Blang.config ["$httpProvider", ($httpProvider) ->
  # Inject the CSRF token
  $httpProvider.defaults.headers.common['X-CSRF-Token'] = document.getElementsByName("csrf-token")[0].content
  # By default, angular sends "application/json, text/plain, */*" which rails
  # sees and focuses on the */* and sends html :-(
  $httpProvider.defaults.headers.common['Accept'] = "application/json"
]


# Here's our Post resource for interacting with the server
Blang.factory "Post", ($resource) -> $resource "/posts/:id", id: "@id"

# Post Controller
Blang.controller "PostCtrl", ($scope, Post) ->
  # This is the post we use for the form
  $scope.post = new Post()

  # Posts for the list
  $scope.posts = Post.query()

  # Add a new post
  $scope.add = ->
    # add to the local array and also save to the server
    $scope.posts.push Post.save title: $scope.post.title, body: $scope.post.body
    # reset the post for the form
    $scope.post = new Post()

  # Delete a post
  $scope.delete = ($index) ->
    # Yay, UX!
    if confirm("Are you sure you want to delete this post?")
      # Remove from the server
      $scope.posts[$index].$delete()
      # Remove from the local array
      $scope.posts.splice($index, 1)

All in all, it wasn’t much code, but it was very difficult to figure out what I was supposed to be doing. But that’s all part of learning a new framework. Here are a bunch of gotchas I ran into:

  1. Providing the id: "@id" mapping in the resource url. Without this, it doesn’t automatically fill in :id with the model’s id.
  2. I had to keep the local array of posts in sync with the server, pushing to it and splicing from it as I added and removed items.
  3. Using $scope everywhere to expose methods in the view took me a bit to realize
  4. I couldn’t delete a post by calling a method on the instance, because it wouldn’t remove it from the main collection

All in all, I found Angular to be pretty comprehensive when it came to the view binding and automatic dom reflection of underlying state. However I found its server synchronizing abilities to be lacking. Why is angular-resource.js a separate library anyways?

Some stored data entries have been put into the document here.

lemma acyclic_asym: "acyclic E \<Longrightarrow> (a, b) \<in> E \<Longrightarrow> (b, a) \<notin> E"
  by (meson acyclic_def r_into_trancl' trancl_into_trancl)

lemma is_path_mono: "E \<subseteq> E' \<Longrightarrow> is_path E p u v \<Longrightarrow> is_path E' p u v"
  unfolding is_path_def adj_def by blast

lemma is_path_imp_walk:
  assumes "is_path E p u v" "u \<noteq> v"
  shows "walk (E \<union> E\<inverse>) p"
proof -
  have "2 \<le> length p" using assms by (cases p; cases "tl p") (auto simp: is_path_def)
  then show ?thesis
    using assms unfolding is_path_def walk_def adj_def by auto
qed

lemma is_path_set_subset_Field: "is_path E p u v \<Longrightarrow> u \<noteq> v \<Longrightarrow> set p \<subseteq> Field E"
  using walk_set_subset_Field[OF is_path_imp_walk] by fastforce

lemma collider_mono_iff:
  assumes "E \<subseteq> E'" "acyclic E'" "is_path E p u v"
  shows "collider E' p i \<longleftrightarrow> collider E p i"
proof
  assume c: "collider E' p i"
  then have i: "0 < i" "Suc i < length p" by (auto simp: collider_def)
  have "adj E (p ! (i - 1)) (p ! i)" "adj E (p ! i) (p ! Suc i)"
    using assms(3) i unfolding is_path_def by (metis Suc_diff_1 Suc_lessD)+
  then show "collider E p i"
    using c assms(1) acyclic_asym[OF assms(2)] unfolding collider_def adj_def by blast
next
  assume "collider E p i"
  then show "collider E' p i" using assms(1) unfolding collider_def by blast
qed

lemma active_mono:
  assumes "E \<subseteq> E'" "acyclic E'" "is_path E p u v" "active E p W"
  shows "active E' p W"
  using assms(4) collider_mono_iff[OF assms(1-3)] trancl_mono[OF _ assms(1)]
  unfolding active_def by blast

lemma collider_rev:
  assumes "i < length p"
  shows "collider E (rev p) i \<longleftrightarrow> collider E p (length p - Suc i)"
proof (cases "0 < i \<and> Suc i < length p")
  case True
  then obtain j where j: "i = Suc j" by (cases i) auto
  have "rev p ! (i - 1) = p ! Suc (length p - Suc i)"
    using True by (simp add: j rev_nth Suc_diff_Suc)
  moreover have "rev p ! Suc i = p ! (length p - Suc i - 1)"
    using True by (simp add: rev_nth)
  ultimately show ?thesis
    using True assms unfolding collider_def by (auto simp: rev_nth)
next
  case False
  then show ?thesis using assms unfolding collider_def by auto
qed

I think it would be really interesting to use Angular.js as a declarative templating and view language, but then maybe drop to backbone for models and controllers. I could expose collection.models to the scope, and it could watch that array. Then it should properly add and remove models from a collection.

I’m really curious to hear how experienced users of Angular communicate with a server and keep their data in sync.

If you’d like to mess around with the code, I put the application on GitHub.